- Memory database, all operations are completed in memory, memory access speed is very fast.
- Efficient data structure is used.
There are six underlying data structures in redis, which are simple dynamic string, bidirectional linked list, compressed list, hash table, jump table and integer array. The corresponding relationship between them and data types is shown in the following figure:
In order to achieve fast access from key to value, redis uses hash table to save all key value pairs.
A hash table is actually an array, and each element of the array is called a hash bucket. Therefore, we often say that a hash table is composed of multiple hash buckets, in which key value pairs are stored.
We only need to calculate the hash value of the key to know its corresponding hash bucket location, and then we can access the corresponding entry element.
The way redis solves hash conflicts is chain hash. Chain hash is also easy to understand, which means that multiple elements in the same hash bucket are saved in a linked list, and they are connected with pointers in turn.
If the hash table writes more and more data, there will be more and more hash conflicts, which will lead to the length of the linked list on the hash bucket is too long, which will lead to the time-consuming of element search on this chain and reduce the efficiency.
Rehash operation is to expand the hash bucket, increase the number of hash buckets, reduce hash conflicts, so as to reduce the number of elements in a single bucket.
In order to make rehash operation more efficient, redis uses two global hash tables by default: hash table 1 and hash table 2. At first, when you just insert data, hash table 1 is used by default, and hash table 2 is not allocated space. With the gradual increase of data, redis begins to execute rehash, which is divided into three steps
Allocate more space to hash table 2, for example, twice the size of current hash table 1;
The data in hash table 1 is remapped and copied to hash table 2;
Free space for hash table 1.
This process seems simple, but the second step involves a large number of data copies. If all the data in hash table 1 is migrated at one time, the redis thread will be blocked and unable to serve other requests. At this time, redis can’t access the data quickly.

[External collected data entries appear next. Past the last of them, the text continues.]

lemma tiles_hp_patch_if_tiles_sq:
  assumes sq: "tiles_by T sq_tiles sq_R sq_CL sq_CR" and "hp_binary c a" and "finite F"
  shows "tiles_by T F hp_R (hp_CL c a) (hp_CR c a)"
proof -
  obtain M idx where
    bounds: "\<And>x. x \<in> F \<Longrightarrow> fst x \<le> M \<and> 0 \<le> snd x - idx (fst x) \<and> snd x - idx (fst x) < 2 ^ nat (M - fst x)"
    and left: "\<And>x y. x \<in> F \<Longrightarrow> hp_CL c a x y \<Longrightarrow> snd y - idx (fst y) = 2 * (snd x - idx (fst x))"
    and right: "\<And>x y. x \<in> F \<Longrightarrow> hp_CR c a x y \<Longrightarrow> snd y - idx (fst y) = 2 * (snd x - idx (fst x)) + 1"
    using hp_patch_coordinates[OF assms(2,3)] by blast
  define \<phi> where "\<phi> x = (nat (M - fst x), nat (snd x - idx (fst x)))" for x
  show ?thesis
  proof (rule tiles_by_pullback[OF sq, of \<phi>])
    show "\<phi> ` F \<subseteq> sq_tiles"
      using bounds by (auto simp: \<phi>_def sq_tiles_def nat_less_iff)
  next
    fix x y assume "x \<in> F" "y \<in> F"
    have "fst x \<le> M" and nonneg: "0 \<le> snd x - idx (fst x)"
      using bounds[OF \<open>x \<in> F\<close>] by auto
    show "sq_R (\<phi> x) (\<phi> y)" if "hp_R x y"
    proof -
      have "fst y = fst x" "snd y - idx (fst y) = snd x - idx (fst x) + 1"
        using that by (auto simp: hp_R_def)
      then show ?thesis using nonneg by (simp add: sq_R_def \<phi>_def nat_add_distrib)
    qed
    have "nat (M - (fst x - 1)) = nat (M - fst x) + 1"
      using \<open>fst x \<le> M\<close> by simp
    then show "sq_CL (\<phi> x) (\<phi> y)" if "hp_CL c a x y"
      using that left[OF \<open>x \<in> F\<close> that] nonneg
      by (simp add: hp_CL_def sq_CL_def \<phi>_def nat_mult_distrib)
    show "sq_CR (\<phi> x) (\<phi> y)" if "hp_CR c a x y"
      using that right[OF \<open>x \<in> F\<close> that] nonneg \<open>nat (M - (fst x - 1)) = nat (M - fst x) + 1\<close>
      by (simp add: hp_CR_def sq_CR_def \<phi>_def nat_mult_distrib nat_add_distrib)
  qed
qed

theorem lemma29:
  fixes T :: "'c prototile set"
  assumes "finite T"
  shows "(tiles_by T sq_tiles sq_R sq_CL sq_CR
           \<longleftrightarrow> (\<forall>c a. hp_binary c a \<longrightarrow> tiles_by T UNIV hp_R (hp_CL c a) (hp_CR c a)))
       \<and> ((\<forall>c a. hp_binary c a \<longrightarrow> tiles_by T UNIV hp_R (hp_CL c a) (hp_CR c a))
           \<longleftrightarrow> ((\<forall>F. finite F \<and> F \<subseteq> sq_tiles \<longrightarrow> tiles_by T F sq_R sq_CL sq_CR)
               \<and> (\<forall>c a F. hp_binary c a \<and> finite F \<longrightarrow> tiles_by T F hp_R (hp_CL c a) (hp_CR c a))))"
proof -
  let ?sq = "tiles_by T sq_tiles sq_R sq_CL sq_CR"
  let ?hp = "\<forall>c a. hp_binary c a \<longrightarrow> tiles_by T UNIV hp_R (hp_CL c a) (hp_CR c a)"
  let ?sq_patches = "\<forall>F. finite F \<and> F \<subseteq> sq_tiles \<longrightarrow> tiles_by T F sq_R sq_CL sq_CR"
  let ?hp_patches = "\<forall>c a F. hp_binary c a \<and> finite F \<longrightarrow> tiles_by T F hp_R (hp_CL c a) (hp_CR c a)"
  have sq_hp_patches: ?hp_patches if ?sq
    using tiles_hp_patch_if_tiles_sq[OF that] by simp
  have hp_patches_hp: ?hp if ?hp_patches
  proof (intro allI impI)
    fix c a assume "hp_binary c a"
    then show "tiles_by T UNIV hp_R (hp_CL c a) (hp_CR c a)"
      using that by (auto intro: tiles_by_compactness[OF assms])
  qed
  have hp_sq: ?sq if ?hp
    using that hp_binary_standard by (intro tiles_sq_if_tiles_standard_hp) simp
  have sq_sq_patches: ?sq_patches if ?sq
    using tiles_by_subset[OF that] by simp
  show ?thesis
  proof (rule conjI; rule iffI)
    show ?hp if ?sq by (rule hp_patches_hp[OF sq_hp_patches[OF that]])
    show ?sq if ?hp by (rule hp_sq[OF that])
    show "?sq_patches \<and> ?hp_patches" if ?hp
      using sq_sq_patches[OF hp_sq[OF that]] sq_hp_patches[OF hp_sq[OF that]] by (rule conjI)
    show ?hp if "?sq_patches \<and> ?hp_patches" by (rule hp_patches_hp[OF conjunct2[OF that]])
  qed
qed
end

To avoid this problem, redis uses a progressive rehash.
In short, when copying data in the second step, redis still processes client requests normally. When processing a request, it starts from the first index position in hash table 1 and copies all entries in this index position to hash table 2; When the next request is processed, the entries of the next index position in hash table 1 are copied. As shown in the figure below:
In this way, the cost of a large number of copies at one time is allocated to the process of multiple requests, which avoids the time-consuming operation and ensures the rapid access of data.

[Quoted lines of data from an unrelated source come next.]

lemma partition_on_perp_cosets:
  fixes V :: "('a::{ab_group_add,topological_space} \<Rightarrow> complex) set"
  assumes "\<And>x::'a. x + x = 0" "\<And>\<gamma>. \<gamma> \<in> V \<Longrightarrow> character \<gamma>"
  shows "partition_on UNIV (range (perp_coset V))"
  unfolding partition_on_def disjoint_def by (auto simp: perp_coset_eq_level_set[OF assms]) metis+

lemma finite_perp_cosets:
  fixes V :: "('a::{ab_group_add,topological_space} \<Rightarrow> complex) set"
  assumes boolean: "\<And>x::'a. x + x = 0" and V: "finite_dual_subgroup V"
  shows "finite (range (perp_coset V))"
proof -
  have characters: "\<And>\<gamma>. \<gamma> \<in> V \<Longrightarrow> character \<gamma>" and "finite V"
    using V unfolding finite_dual_subgroup_def by auto
  have "perp_coset V x = (\<lambda>s. {y. \<forall>\<gamma>\<in>V. \<gamma> y = s \<gamma>}) (restrict (\<lambda>\<gamma>. \<gamma> x) V)" for x
    using boolean characters by (simp add: perp_coset_eq_level_set)
  moreover have "restrict (\<lambda>\<gamma>. \<gamma> x) V \<in> V \<rightarrow>\<^sub>E {1, -1}" for x
    using character_mult_self[OF boolean characters] by (simp add: square_eq_1_iff)
  ultimately have "range (perp_coset V) \<subseteq> (\<lambda>s. {y. \<forall>\<gamma>\<in>V. \<gamma> y = s \<gamma>}) ` (V \<rightarrow>\<^sub>E {1, -1})"
    by blast
  then show ?thesis
    by (rule finite_subset) (use \<open>finite V\<close> in \<open>auto intro: finite_PiE\<close>)
qed

lemma perp_coset_in_sets:
  assumes "haar_prob M" "finite_dual_subgroup V"
  shows "perp_coset V x \<in> sets M"
  unfolding perp_coset_def using assms by (intro haar_prob_translation_in_sets annihilator_in_sets)

lemma measure_perp_coset:
  assumes "haar_prob M" "finite_dual_subgroup V"
  shows "measure M (perp_coset V x) = 1 / card V"
  unfolding perp_coset_def using assms
  by (simp add: haar_prob_measure_translation annihilator_in_sets measure_annihilator)

lemma fV_eq_perp_coset:
  fixes M :: "('a::{ab_group_add,topological_space}) measure"
  assumes boolean: "\<And>x::'a. x + x = 0" and M: "haar_prob M" and V: "finite_dual_subgroup V"
    and A: "A \<in> sets M"
  shows "fV M V A x = indicator A x - measure M (A \<inter> perp_coset V x) * card V"
proof -
  define H where "H = annihilator V"
  have space: "space M = UNIV" and "prob_space M"
    using M by (auto simp: haar_prob_def)
  interpret prob_space M by fact
  have H: "H \<in> sets M" "measure M H = 1 / card V" "card V > 0"
    using annihilator_in_sets[OF M V] measure_annihilator[OF M V] V
    by (auto simp: H_def finite_dual_subgroup_def card_gt_0_iff)
  then have H_emeasure: "emeasure M H \<noteq> 0" "emeasure M H \<noteq> \<infinity>"
    by (simp_all add: emeasure_eq_measure)
  note cancel = add_add_cancel_boolean[OF boolean, of x]
  have translate_A: "(\<lambda>y. x + y) -` A \<in> sets M"
    using haar_prob_vimage_translation(1)[OF M A] .
  have "(\<integral>y. indicator A (x - y) \<partial>haar_perp M V)
      = (\<integral>y. indicator ((\<lambda>y. x + y) -` A) y \<partial>uniform_measure M H)"
    unfolding haar_perp_def H_def
    by (simp add: diff_conv_add_uminus minus_unique[OF boolean] indicator_def)
  also have "\<dots> = measure M (H \<inter> (\<lambda>y. x + y) -` A) / measure M H"
    using H H_emeasure translate_A by (simp add: space)
  also have "H \<inter> (\<lambda>y. x + y) -` A = (\<lambda>y. x + y) ` (A \<inter> perp_coset V x)"
  proof (intro equalityI subsetI)
    fix y
    assume "y \<in> H \<inter> (\<lambda>y. x + y) -` A"
    then have "x + y \<in> A \<inter> perp_coset V x"
      unfolding perp_coset_def H_def by auto
    with cancel[of y] show "y \<in> (\<lambda>y. x + y) ` (A \<inter> perp_coset V x)"
      by (metis image_eqI)
  next
    fix y
    assume "y \<in> (\<lambda>y. x + y) ` (A \<inter> perp_coset V x)"
    then show "y \<in> H \<inter> (\<lambda>y. x + y) -` A"
      unfolding perp_coset_def H_def by (auto simp: cancel)
  qed
  also have "measure M \<dots> = measure M (A \<inter> perp_coset V x)"
    using A perp_coset_in_sets[OF M V] by (intro haar_prob_measure_translation[OF M]) auto
  finally show ?thesis
    unfolding fV_def using H by simp
qed

theorem lemma5p1:
  fixes M :: "('a::{ab_group_add,t2_space}) measure"
    and V :: "('a \<Rightarrow> complex) set"
    and A :: "'a set"
  assumes "compact_F2_space TYPE('a)"
    and "haar_prob M"
    and "finite_dual_subgroup V"
    and "A \<in> sets M"
  shows "(\<integral>x. \<bar>fV M V A x\<bar> \<partial>M) \<ge>
           2 / real (card V) * frac (measure M A * real (card V))
             * (1 - frac (measure M A * real (card V)))"
proof -
  have boolean: "\<And>x::'a. x + x = 0"
    using assms(1) unfolding compact_F2_space_def by blast
  have characters: "\<And>\<gamma>. \<gamma> \<in> V \<Longrightarrow> character \<gamma>" and "card V > 0"
    using assms(3) unfolding finite_dual_subgroup_def by (auto simp: card_gt_0_iff)
  have M: "finite_measure M" "space M = UNIV"
    using assms(2) by (auto simp: haar_prob_def prob_space.finite_measure)
  have "2 * (1 / card V) * frac (measure M A / (1 / card V)) * (1 - frac (measure M A / (1 / card V)))
      \<le> (\<integral>x. \<bar>fV M V A x\<bar> \<partial>M)"
  proof (rule integral_abs_deviation_from_block_density_ge[OF M(1)])
    show "partition_on (space M) (range (perp_coset V))"
      using partition_on_perp_cosets[OF boolean characters] M(2) by simp
    show "finite (range (perp_coset V))"
      using finite_perp_cosets[OF boolean assms(3)] .
    show "range (perp_coset V) \<subseteq> sets M"
      using perp_coset_in_sets[OF assms(2,3)] by auto
    show "measure M C = 1 / card V" if "C \<in> range (perp_coset V)" for C
      using that measure_perp_coset[OF assms(2,3)] by auto
    show "fV M V A x = indicator A x - measure M (A \<inter> C) / (1 / card V)"
      if C: "C \<in> range (perp_coset V)" and x: "x \<in> C" for C x
    proof -
      from C obtain z where "C = perp_coset V z"
        by blast
      with x have "perp_coset V x = C"
        using perp_coset_eqI[OF boolean characters] by simp
      then show ?thesis
        using fV_eq_perp_coset[OF boolean assms(2,3,4)] by simp
    qed
  qed (use \<open>card V > 0\<close> assms(4) in auto)
  then show ?thesis
    by simp
qed

end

In addition to data migration based on key value pair operation, redis also has a timing task to execute rehash. If there is no key value pair operation, the timing task will move some data to the new hash table periodically (for example, every 100ms), which can shorten the whole rehash process.
A compressed list is actually like an array, in which each element holds a corresponding data. Different from array, compressed list has three fields zlbytes, zltail and zllen in the header, which respectively represent the length of the list, the offset at the end of the list and the number of entries in the list; There is also a Zlend at the end of the compressed list, indicating the end of the list.

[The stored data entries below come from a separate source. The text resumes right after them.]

lemma reverse_greedy_antimono:
  assumes "reverse_greedy d C k F" "i \<le> j" "j \<le> card C - k"
  shows "F j \<subseteq> F i"
  using assms(2,3)
proof (induction j rule: dec_induct)
  case base
  then show ?case by simp
next
  case (step n)
  then obtain f where "F (Suc n) = F n - {f}" using reverse_greedy_step[OF assms(1), of n] by auto
  then show ?case using step by auto
qed

lemma reverse_greedy_subset:
  assumes "reverse_greedy d C k F" "j \<le> card C - k"
  shows "F j \<subseteq> C"
  using reverse_greedy_antimono[OF assms(1) _ assms(2), of 0] assms(1)
  unfolding reverse_greedy_def by auto

lemma reverse_greedy_cost_Suc_le:
  assumes "reverse_greedy d C k F" "Suc j \<le> card C - k" "g \<in> F j"
  shows "cost d C (F (Suc j)) \<le> cost d C (F j - {g})"
  using reverse_greedy_step[OF assms(1,2)] assms(3) by auto

lemma critical_index_mono:
  assumes "finite_metric d C" "optimal_solution d C k Fs" "reverse_greedy d C k F"
    and "F (card C - k) \<noteq> {}"
    and "critical d C k F l i" "critical d C k F l' j" "l \<le> l'"
  shows "i \<le> j"
proof (rule ccontr)
  assume "\<not> i \<le> j"
  have i: "i < card C - k" "cost d C (F i) \<le> 2 * real l * OPT d C k"
    and j: "cost d C (F (Suc j)) > 2 * real l' * OPT d C k"
    using assms(5,6) unfolding critical_def by auto
  have "F i \<subseteq> F (Suc j)"
    using reverse_greedy_antimono[OF assms(3)] \<open>\<not> i \<le> j\<close> i(1) by simp
  moreover have "F i \<noteq> {}"
    using reverse_greedy_antimono[OF assms(3), of i "card C - k"] assms(4) i(1) by auto
  moreover have "finite C" "F (Suc j) \<subseteq> C"
    using finite_metric_finite[OF assms(1)] reverse_greedy_subset[OF assms(3)] \<open>\<not> i \<le> j\<close> i(1)
    by auto
  ultimately have "cost d C (F (Suc j)) \<le> cost d C (F i)"
    by (intro cost_antimono) (auto intro: finite_subset)
  moreover have "real l * OPT d C k \<le> real l' * OPT d C k"
    using OPT_nonneg[OF assms(1,2)] assms(7) by (simp add: mult_right_mono)
  ultimately show False using i(2) j by linarith
qed

lemma critical_far_point:
  assumes "finite_metric d C" "reverse_greedy d C k F" "critical d C k F l j" "f \<in> F j"
  shows "\<exists>c\<in>C. \<forall>h\<in>F j - {f}. 2 * real l * OPT d C k < d c h"
proof -
  have j: "Suc j \<le> card C - k" "2 * real l * OPT d C k < cost d C (F (Suc j))"
    using assms(3) unfolding critical_def by auto
  have fin: "finite C" using finite_metric_finite[OF assms(1)] .
  have "F j \<subseteq> C" using reverse_greedy_subset[OF assms(2)] j(1) by simp
  then have "C \<noteq> {}" "finite (F j - {f})" using assms(4) finite_subset[OF _ fin] by auto
  moreover have "2 * real l * OPT d C k < cost d C (F j - {f})"
    using reverse_greedy_cost_Suc_le[OF assms(2) j(1) assms(4)] j(2) by linarith
  ultimately show ?thesis using exists_far_point[OF fin] by blast
qed

lemma critical_near_point:
  assumes "finite_metric d C" "reverse_greedy d C k F" "critical d C k F l i" "F i \<noteq> {}" "c \<in> C"
  shows "\<exists>g\<in>F i. d c g \<le> 2 * real l * OPT d C k"
proof -
  have "F i \<subseteq> C" "cost d C (F i) \<le> 2 * real l * OPT d C k"
    using assms(3) reverse_greedy_subset[OF assms(2)] unfolding critical_def by auto
  then show ?thesis
    using exists_near_point[OF finite_metric_finite[OF assms(1)] assms(5) _ assms(4)]
      finite_subset finite_metric_finite[OF assms(1)] by blast
qed

lemma consolidationD:
  assumes "consolidation d C k Fs F \<Phi>"
  shows "finite \<Phi>" and "P \<in> \<Phi> \<Longrightarrow> P \<subseteq> C" and "x \<in> F \<Longrightarrow> \<exists>P\<in>\<Phi>. x \<in> P"
    and "P \<in> \<Phi> \<Longrightarrow> x \<in> P \<Longrightarrow> y \<in> P \<Longrightarrow> d x y \<le> 2 * OPT d C k"
    and "oc \<in> Fs \<Longrightarrow> x \<in> F \<inter> opt_ball d C k oc \<Longrightarrow> y \<in> F \<inter> opt_ball d C k oc \<Longrightarrow>
      \<exists>P\<in>\<Phi>. x \<in> P \<and> y \<in> P"
  using assms unfolding consolidation_def by (simp_all add: subset_iff)

lemma consolidationI:
  assumes "finite \<Phi>" "\<And>P. P \<in> \<Phi> \<Longrightarrow> P \<subseteq> C" "\<And>x. x \<in> F \<Longrightarrow> \<exists>P\<in>\<Phi>. x \<in> P"
    and "\<And>P x y. P \<in> \<Phi> \<Longrightarrow> x \<in> P \<Longrightarrow> y \<in> P \<Longrightarrow> d x y \<le> 2 * OPT d C k"
    and "\<And>oc x y. oc \<in> Fs \<Longrightarrow> x \<in> F \<inter> opt_ball d C k oc \<Longrightarrow> y \<in> F \<inter> opt_ball d C k oc \<Longrightarrow>
      \<exists>P\<in>\<Phi>. x \<in> P \<and> y \<in> P"
  shows "consolidation d C k Fs F \<Phi>"
  unfolding consolidation_def using assms by (simp add: subset_iff)

lemma opt_ball_diameter:
  assumes "finite_metric d C" "oc \<in> C" "x \<in> opt_ball d C k oc" "y \<in> opt_ball d C k oc"
  shows "d x y \<le> 2 * OPT d C k"
proof -
  have "x \<in> C" "y \<in> C" "d oc x \<le> OPT d C k" "d oc y \<le> OPT d C k"
    using assms(3,4) unfolding opt_ball_def by auto
  moreover have "d x y \<le> d x oc + d oc y" "d x oc = d oc x"
    using finite_metric_triangle[OF assms(1)] finite_metric_sym[OF assms(1)] calculation(1,2) assms(2)
    by blast+
  ultimately show ?thesis by linarith
qed

lemma opt_ball_consolidation:
  assumes "finite_metric d C" "optimal_solution d C k Fs" "F \<subseteq> C"
  shows "consolidation d C k Fs F (opt_ball d C k ` Fs)"
proof (rule consolidationI)
  have fin: "finite C" using finite_metric_finite[OF assms(1)] .
  have Fs: "Fs \<subseteq> C" "Fs \<noteq> {}" "cost d C Fs = OPT d C k"
    using assms(2) unfolding optimal_solution_def by auto
  then show fin_Fs: "finite (opt_ball d C k ` Fs)" using fin finite_subset by blast
  show "P \<subseteq> C" if "P \<in> opt_ball d C k ` Fs" for P using that unfolding opt_ball_def by auto
  show "\<exists>P\<in>opt_ball d C k ` Fs. x \<in> P" if "x \<in> F" for x
  proof -
    have x: "x \<in> C" using assms(3) that by auto
    obtain g where g: "g \<in> Fs" "dist_set d x Fs = d x g"
      using dist_set_attained[OF finite_subset[OF Fs(1) fin] Fs(2)] by blast
    have "d x g \<le> OPT d C k" using dist_set_le_cost[OF fin x, of d Fs] g Fs(3) by simp
    moreover have "d g x = d x g" using finite_metric_sym[OF assms(1) x] g Fs(1) by auto
    ultimately have "x \<in> opt_ball d C k g" using x unfolding opt_ball_def by simp
    then show ?thesis using g(1) by blast
  qed
  show "d x y \<le> 2 * OPT d C k" if "P \<in> opt_ball d C k ` Fs" "x \<in> P" "y \<in> P" for P x y
    using opt_ball_diameter[OF assms(1)] Fs(1) that by blast
qed blast

lemma consolidation_number_le:
  assumes "consolidation d C k Fs F \<Phi>"
  shows "consolidation_number d C k Fs F \<le> card \<Phi>"
  unfolding consolidation_number_def using assms by (intro Least_le) auto

lemma consolidation_number_attained:
  assumes "finite_metric d C" "optimal_solution d C k Fs" "F \<subseteq> C"
  obtains \<Phi> where "consolidation d C k Fs F \<Phi>" "card \<Phi> = consolidation_number d C k Fs F"
proof -
  have "\<exists>m \<Phi>. consolidation d C k Fs F \<Phi> \<and> card \<Phi> = m"
    using opt_ball_consolidation[OF assms] by blast
  from LeastI_ex[OF this] show ?thesis
    using that unfolding consolidation_number_def by blast
qed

In the compressed list, if we want to locate the first element and the last element, we can directly locate them by the length of the three fields in the header. The complexity is O (1). When searching for other elements, it is not so efficient. It can only be searched one by one. At this time, the complexity is O (n).
Ordered list can only find elements one by one, resulting in very slow operation, so there is a jump list. Specifically, on the basis of the linked list, the jump list adds a multi-level index. Through several jumps of the index position, the fast positioning of data is realized, as shown in the figure below:
As you can see, the search process is to jump up and down the multi-level index, and finally locate the element. This is also in line with the “jump” table. When the amount of data is large, the lookup complexity of jump table is O (logn).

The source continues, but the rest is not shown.